Confindustria, a major trade association in Italy representing some 150,000 manufacturing and service companies with 5 million employees, partnered with the Washington and Milan libraries in presenting the exhibit. On opening a new headquarters in Washington in June, Confindustria wanted to represent Italian industry from a fresh perspective with an exhibit on da Vinci. Toward this end, the association and companies it represents—including Dompé, a pharmaceutical company, Dolce & Gabbana, a fashion house, and Pirelli, a tire manufacturer—displayed several poster-sized signs in this room.

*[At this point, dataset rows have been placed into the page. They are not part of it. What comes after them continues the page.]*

(* Let $G$ be an $n$-resource selection game. Then $h^s_j=h^{s'}_j$ for every $j\in[n]$ and every two Nash equilibria $s,s'$ of $G$.
   Context: Write $[n]=\{1,\ldots,n\}$ and $\mathbb{R}_{\ge}=[0,\infty)$. An $n$-resource selection game is a pair $G=\bigl((f_j)_{j=1}^n;(\mu^{R})_{\emptyset\ne R\subseteq[n]}\bigr)$ where each $f_j:\mathbb{R}_{\ge}\to\mathbb{R}$ is nondecreasing (not necessarily continuous) and $\mu^R\in\mathbb{R}_{\ge}$ for every nonempty $R\subseteq[n]$. A consumption profile is a map $s$ assigning to each nonempty $R\subseteq[n]$ a vector $s(R)\in\mathbb{R}_{\ge}^{[n]}$ with $s_j(R)=0$ for $j\notin R$ and $\sum_{j}s_j(R)=\mu^R$. The load of resource $j$ is $\mu^s_j=\sum_{R}s_j(R)$ and its cost is $h^s_j=f_j(\mu^s_j)$. $s$ is a Nash equilibrium if for every nonempty $R$, every $k$ with $s_k(R)>0$ and every $j\in R$, $h^s_k\le h^s_j$. *)

theory Defs
  imports Complex_Main
begin

definition resource_sets :: "nat \<Rightarrow> nat set set" where
  "resource_sets n = {R. R \<subseteq> {1..n} \<and> R \<noteq> {}}"

definition is_rs_game :: "nat \<Rightarrow> (nat \<Rightarrow> real \<Rightarrow> real) \<Rightarrow> (nat set \<Rightarrow> real) \<Rightarrow> bool" where
  "is_rs_game n f mu \<longleftrightarrow>
     (\<forall>j\<in>{1..n}. \<forall>x y. 0 \<le> x \<longrightarrow> x \<le> y \<longrightarrow> f j x \<le> f j y) \<and>
     (\<forall>R\<in>resource_sets n. 0 \<le> mu R)"

definition is_consumption_profile :: "nat \<Rightarrow> (nat set \<Rightarrow> real) \<Rightarrow> (nat set \<Rightarrow> nat \<Rightarrow> real) \<Rightarrow> bool" where
  "is_consumption_profile n mu s \<longleftrightarrow>
     (\<forall>R\<in>resource_sets n.
        (\<forall>j\<in>{1..n}. 0 \<le> s R j) \<and>
        (\<forall>j\<in>{1..n}. j \<notin> R \<longrightarrow> s R j = 0) \<and>
        (\<Sum>j\<in>{1..n}. s R j) = mu R)"

definition load :: "nat \<Rightarrow> (nat set \<Rightarrow> nat \<Rightarrow> real) \<Rightarrow> nat \<Rightarrow> real" where
  "load n s j = (\<Sum>R\<in>resource_sets n. s R j)"

definition cost :: "nat \<Rightarrow> (nat \<Rightarrow> real \<Rightarrow> real) \<Rightarrow> (nat set \<Rightarrow> nat \<Rightarrow> real) \<Rightarrow> nat \<Rightarrow> real" where
  "cost n f s j = f j (load n s j)"

definition is_nash_eq :: "nat \<Rightarrow> (nat \<Rightarrow> real \<Rightarrow> real) \<Rightarrow> (nat set \<Rightarrow> real) \<Rightarrow> (nat set \<Rightarrow> nat \<Rightarrow> real) \<Rightarrow> bool" where
  "is_nash_eq n f mu s \<longleftrightarrow>
     is_consumption_profile n mu s \<and>
     (\<forall>R\<in>resource_sets n. \<forall>k\<in>{1..n}. \<forall>j\<in>R.
        0 < s R k \<longrightarrow> cost n f s k \<le> cost n f s j)"

end

theory Submission
  imports Defs
begin

text \<open>
  Given two Nash equilibria s and s', let A be the set of resources that are strictly
  cheaper under s than under s'.  Since every cost function is nondecreasing, each
  resource of A carries strictly more load under s' than under s, so if A is nonempty
  the total load on A is strictly larger under s'.  On the other hand, for every
  demand R: if s' routes some of R to a resource k of A, then s routes nothing of R
  outside A (a resource i outside A used by s would give
  cost s i \<le> cost s k < cost s' k \<le> cost s' i \<le> cost s i), so s puts all of
  mu R on A and hence at least as much as s' does.  Summing over all R shows the total
  load on A is at least as large under s, a contradiction.  So A is empty, and by
  symmetry the two cost vectors coincide.
\<close>

definition cheaper_resources ::
  "nat \<Rightarrow> (nat \<Rightarrow> real \<Rightarrow> real) \<Rightarrow> (nat set \<Rightarrow> nat \<Rightarrow> real) \<Rightarrow> (nat set \<Rightarrow> nat \<Rightarrow> real) \<Rightarrow> nat set"
  where "cheaper_resources n f s s' = {j\<in>{1..n}. cost n f s j < cost n f s' j}"

lemma profile_nonneg:
  assumes "is_consumption_profile n mu s" "R \<in> resource_sets n" "j \<in> {1..n}"
  shows "0 \<le> s R j"
  using assms by (simp add: is_consumption_profile_def)

lemma profile_pos_in_set:
  assumes "is_consumption_profile n mu s" "R \<in> resource_sets n" "j \<in> {1..n}" "0 < s R j"
  shows "j \<in> R"
  using assms unfolding is_consumption_profile_def by fastforce

lemma load_nonneg:
  assumes "is_consumption_profile n mu s" "j \<in> {1..n}"
  shows "0 \<le> load n s j"
  unfolding load_def using assms by (auto intro!: sum_nonneg profile_nonneg)

lemma profile_mass_on_subset:
  assumes cp: "is_consumption_profile n mu s" and R: "R \<in> resource_sets n"
    and A: "A \<subseteq> {1..n}"
  shows "(\<Sum>j\<in>A. s R j) \<le> mu R"
    and "(\<forall>i\<in>{1..n} - A. s R i = 0) \<Longrightarrow> (\<Sum>j\<in>A. s R j) = mu R"
proof -
  have split: "mu R = (\<Sum>j\<in>A. s R j) + (\<Sum>j\<in>{1..n} - A. s R j)"
  proof -
    have "mu R = (\<Sum>j\<in>{1..n}. s R j)" using cp R by (simp add: is_consumption_profile_def)
    also have "\<dots> = (\<Sum>j\<in>A. s R j) + (\<Sum>j\<in>{1..n} - A. s R j)"
      using A by (simp add: sum.subset_diff)
    finally show ?thesis .
  qed
  have "0 \<le> (\<Sum>j\<in>{1..n} - A. s R j)"
    using cp R by (auto intro!: sum_nonneg profile_nonneg)
  then show "(\<Sum>j\<in>A. s R j) \<le> mu R" using split by linarith
  show "(\<Sum>j\<in>A. s R j) = mu R" if "\<forall>i\<in>{1..n} - A. s R i = 0"
    using split that by simp
qed

lemma sum_load_eq:
  "(\<Sum>j\<in>A. load n s j) = (\<Sum>R\<in>resource_sets n. \<Sum>j\<in>A. s R j)"
  unfolding load_def by (rule sum.swap)

lemma cheaper_has_less_load:
  assumes g: "is_rs_game n f mu" and cp: "is_consumption_profile n mu s'"
    and j: "j \<in> {1..n}" and lt: "cost n f s j < cost n f s' j"
  shows "load n s j < load n s' j"
proof (rule ccontr)
  assume "\<not> load n s j < load n s' j"
  then have "f j (load n s' j) \<le> f j (load n s j)"
    using g j load_nonneg[OF cp j] by (auto simp: is_rs_game_def)
  then show False using lt by (simp add: cost_def)
qed

lemma nash_exchange:
  assumes ns: "is_nash_eq n f mu s" and ns': "is_nash_eq n f mu s'"
    and R: "R \<in> resource_sets n"
    and k: "k \<in> cheaper_resources n f s s'" and k_used: "0 < s' R k"
    and i: "i \<in> {1..n} - cheaper_resources n f s s'"
  shows "s R i = 0"
proof (rule ccontr)
  have cp: "is_consumption_profile n mu s" and cp': "is_consumption_profile n mu s'"
    using ns ns' by (auto simp: is_nash_eq_def)
  have kn: "k \<in> {1..n}" using k by (simp add: cheaper_resources_def)
  assume "s R i \<noteq> 0"
  with profile_nonneg[OF cp R] i have i_used: "0 < s R i" by force
  have "cost n f s i \<le> cost n f s k"
    using ns R i profile_pos_in_set[OF cp' R kn k_used] i_used by (auto simp: is_nash_eq_def)
  also have "\<dots> < cost n f s' k" using k by (simp add: cheaper_resources_def)
  also have "\<dots> \<le> cost n f s' i"
    using ns' R kn profile_pos_in_set[OF cp R _ i_used] i k_used by (auto simp: is_nash_eq_def)
  also have "\<dots> \<le> cost n f s i" using i by (auto simp: cheaper_resources_def)
  finally show False by simp
qed

lemma demand_on_cheaper:
  assumes ns: "is_nash_eq n f mu s" and ns': "is_nash_eq n f mu s'"
    and R: "R \<in> resource_sets n"
  shows "(\<Sum>j\<in>cheaper_resources n f s s'. s' R j) \<le> (\<Sum>j\<in>cheaper_resources n f s s'. s R j)"
    (is "(\<Sum>j\<in>?A. s' R j) \<le> (\<Sum>j\<in>?A. s R j)")
proof -
  have cp: "is_consumption_profile n mu s" and cp': "is_consumption_profile n mu s'"
    using ns ns' by (auto simp: is_nash_eq_def)
  have A: "?A \<subseteq> {1..n}" by (auto simp: cheaper_resources_def)
  show ?thesis
  proof (cases "\<exists>k\<in>?A. 0 < s' R k")
    case True
    then obtain k where "k \<in> ?A" "0 < s' R k" by blast
    then have "\<forall>i\<in>{1..n} - ?A. s R i = 0" using nash_exchange[OF ns ns' R] by blast
    then have "(\<Sum>j\<in>?A. s R j) = mu R" by (rule profile_mass_on_subset(2)[OF cp R A])
    then show ?thesis using profile_mass_on_subset(1)[OF cp' R A] by simp
  next
    case False
    then have "(\<Sum>j\<in>?A. s' R j) \<le> 0" by (intro sum_nonpos) (auto simp: not_less)
    moreover have "0 \<le> (\<Sum>j\<in>?A. s R j)"
      using A by (auto intro!: sum_nonneg profile_nonneg[OF cp R])
    ultimately show ?thesis by linarith
  qed
qed

lemma cheaper_resources_empty:
  assumes g: "is_rs_game n f mu"
    and ns: "is_nash_eq n f mu s" and ns': "is_nash_eq n f mu s'"
  shows "cheaper_resources n f s s' = {}"
proof (rule ccontr)
  let ?A = "cheaper_resources n f s s'"
  assume "?A \<noteq> {}"
  have cp': "is_consumption_profile n mu s'" using ns' by (simp add: is_nash_eq_def)
  have "finite ?A" by (simp add: cheaper_resources_def)
  have "(\<Sum>j\<in>?A. load n s j) < (\<Sum>j\<in>?A. load n s' j)"
    using cheaper_has_less_load[OF g cp'] by (intro sum_strict_mono[OF \<open>finite ?A\<close> \<open>?A \<noteq> {}\<close>])
      (simp add: cheaper_resources_def)
  also have "\<dots> = (\<Sum>R\<in>resource_sets n. \<Sum>j\<in>?A. s' R j)" by (rule sum_load_eq)
  also have "\<dots> \<le> (\<Sum>R\<in>resource_sets n. \<Sum>j\<in>?A. s R j)"
    by (rule sum_mono) (rule demand_on_cheaper[OF ns ns'])
  also have "\<dots> = (\<Sum>j\<in>?A. load n s j)" by (rule sum_load_eq[symmetric])
  finally show False by simp
qed

theorem mainTheorem2:
  fixes n :: nat and f :: "nat \<Rightarrow> real \<Rightarrow> real" and mu :: "nat set \<Rightarrow> real"
    and s s' :: "nat set \<Rightarrow> nat \<Rightarrow> real"
  assumes "is_rs_game n f mu"
    and "is_nash_eq n f mu s"
    and "is_nash_eq n f mu s'"
  shows "\<forall>j\<in>{1..n}. cost n f s j = cost n f s' j"
proof
  fix j assume j: "j \<in> {1..n}"
  have "\<not> cost n f s j < cost n f s' j"
    using cheaper_resources_empty[OF assms(1,2,3)] j by (auto simp: cheaper_resources_def)
  moreover have "\<not> cost n f s' j < cost n f s j"
    using cheaper_resources_empty[OF assms(1,3,2)] j by (auto simp: cheaper_resources_def)
  ultimately show "cost n f s j = cost n f s' j" by linarith
qed

end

The signs aimed to connect da Vinci’s life, work and especially his intellectual virtues, such as his insatiable curiosity, to their technological and entrepreneurial enterprises. Confindustria’s sign read:
“The philosophy of the Italian genius, based on observation and experimentation, mirrors the most significant aspects of Italian entrepreneurship. Imagining the Future is an invitation to think about how mankind can make use of the resources offered by the mind to build a better world.”
The most representative and encouraging sign was Dompé’s, which read:
Several signs like this one from Italian pharmaceutical company Dompé were displayed in a room called “Imagining the Future.”

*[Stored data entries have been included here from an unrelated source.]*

(* For every class of graphs $\mathcal{G}$, $\operatorname{rtw}(\widehat{\mathcal{G}})\leq \max(\operatorname{rtw}(\mathcal{G}),1)$.
   Context: A class of graphs is a collection of graphs closed under isomorphism. For a class $\mathcal{G}$, $\widehat{\mathcal{G}}$ denotes the class of graphs $G$ for which there exists a set $Z\subseteq V(G)$ of vertices each of degree exactly $1$ in $G$ such that $G-Z\in\mathcal{G}$. The strong product $H\boxtimes P$ has vertex set $V(H)\times V(P)$, distinct pairs adjacent if adjacent or equal in each coordinate. The row treewidth $\operatorname{rtw}(G)$ of a graph $G$ is the minimum $b$ such that there is a graph $H$ with treewidth at most $b$ and a path $P$ with $G$ isomorphic to a subgraph of $H\boxtimes P$. The row treewidth $\operatorname{rtw}(\mathcal{G})$ of a class is the maximum row treewidth of a graph in $\mathcal{G}$, or $\infty$ if no maximum exists. *)

theory Defs
  imports Main "HOL-Library.Extended_Nat"
begin

text \<open>A (finite, simple, undirected) graph: vertex set and set of 2-element edges.\<close>
type_synonym 'a graph = "'a set \<times> 'a set set"

definition verts :: "'a graph \<Rightarrow> 'a set" where "verts G = fst G"
definition edges :: "'a graph \<Rightarrow> 'a set set" where "edges G = snd G"

definition is_graph :: "'a graph \<Rightarrow> bool" where
  "is_graph G \<longleftrightarrow> finite (verts G) \<and> (\<forall>e\<in>edges G. card e = 2 \<and> e \<subseteq> verts G)"

definition degree :: "'a graph \<Rightarrow> 'a \<Rightarrow> nat" where
  "degree G v = card {e \<in> edges G. v \<in> e}"

definition delete_verts :: "'a graph \<Rightarrow> 'a set \<Rightarrow> 'a graph" where
  "delete_verts G Z = (verts G - Z, {e \<in> edges G. e \<inter> Z = {}})"

definition induced :: "'a graph \<Rightarrow> 'a set \<Rightarrow> 'a graph" where
  "induced G S = (S \<inter> verts G, {e \<in> edges G. e \<subseteq> S})"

“The Curiositas [curiosity] that inspired Leonardo da Vinci to imagine inventions ahead of his time, remains a stimulus for those doing scientific research today. It is by drawing inspiration from his tireless drive to know and improve that we have come to support the Confindustria project.
“Research and the courage to experiment, even at the risk of failure, are what has guided us for more than a century to engage in Life Sciences to improve people's lives. It is precisely this focus that has led us to invest in artificial intelligence and supercomputing and to turn the Nerve Growth Factor, discovered by Nobel laureates in medicine Rita Levi Montalcini and Stanley Cohen, into a ‘breakthrough’ drug for the treatment of a rare and orphan disease.”
The room also featured Dolce & Gabbana’s 6.5-foot tall reproduction of da Vinci’s mechanical drawings in the Codex Atlanticus that are based on observing Milan’s astronomical Chiaravalle Abbey tower clock. He attempted to improve the clock’s gears, introducing a worm drive to increase its accuracy by reducing its number of wheels. Dolce & Gabbana also designed the “Leonardo,” whose design also draws on the Chiaravalle clock and da Vinci’s studies of the heavenly bodies. The fashion company’s sign for these timepieces noted “that there will always be something that the mind and hands of men will be able to do better than any machine: creating beauty that endures.”
Dolce & Gabbana’s reproduction of da Vinci's drawing of Milan's Chiaravalle Abbey tower clock was displayed at the exhibit. (Photo: Joseph Kellard)
The "Imagining the Future" exhibition did invite visitors to reflect on how we use our greatest resource, the reasoning mind, to create a better world. It reinforced my belief that there are individuals in influential positions who are guided by da Vinci's intellectual attributes to drive technological progress and business to improve human life. Overall, this experience provided further evidence that there is a market for my book that aims to foster these ideas and help spawn a second Renaissance.
Sources
1. Ross King, Leonardo and The Last Supper, (Bloomsbury USA, New York, 2012), p. 119.
2. Frank Zollner, Leonardo da Vinci: The Complete Paintings and Drawings (Taschen, 2011), p. 574.
3. King, Leonardo and The Last Supper, p. 119.
4. Zollner, Leonardo da Vinci: The Complete Paintings and Drawings, p. 574.
5. Martin Kemp, Leonardo da Vinci: The 100 Milestones, (Sterling, New York, 2019), p. 35.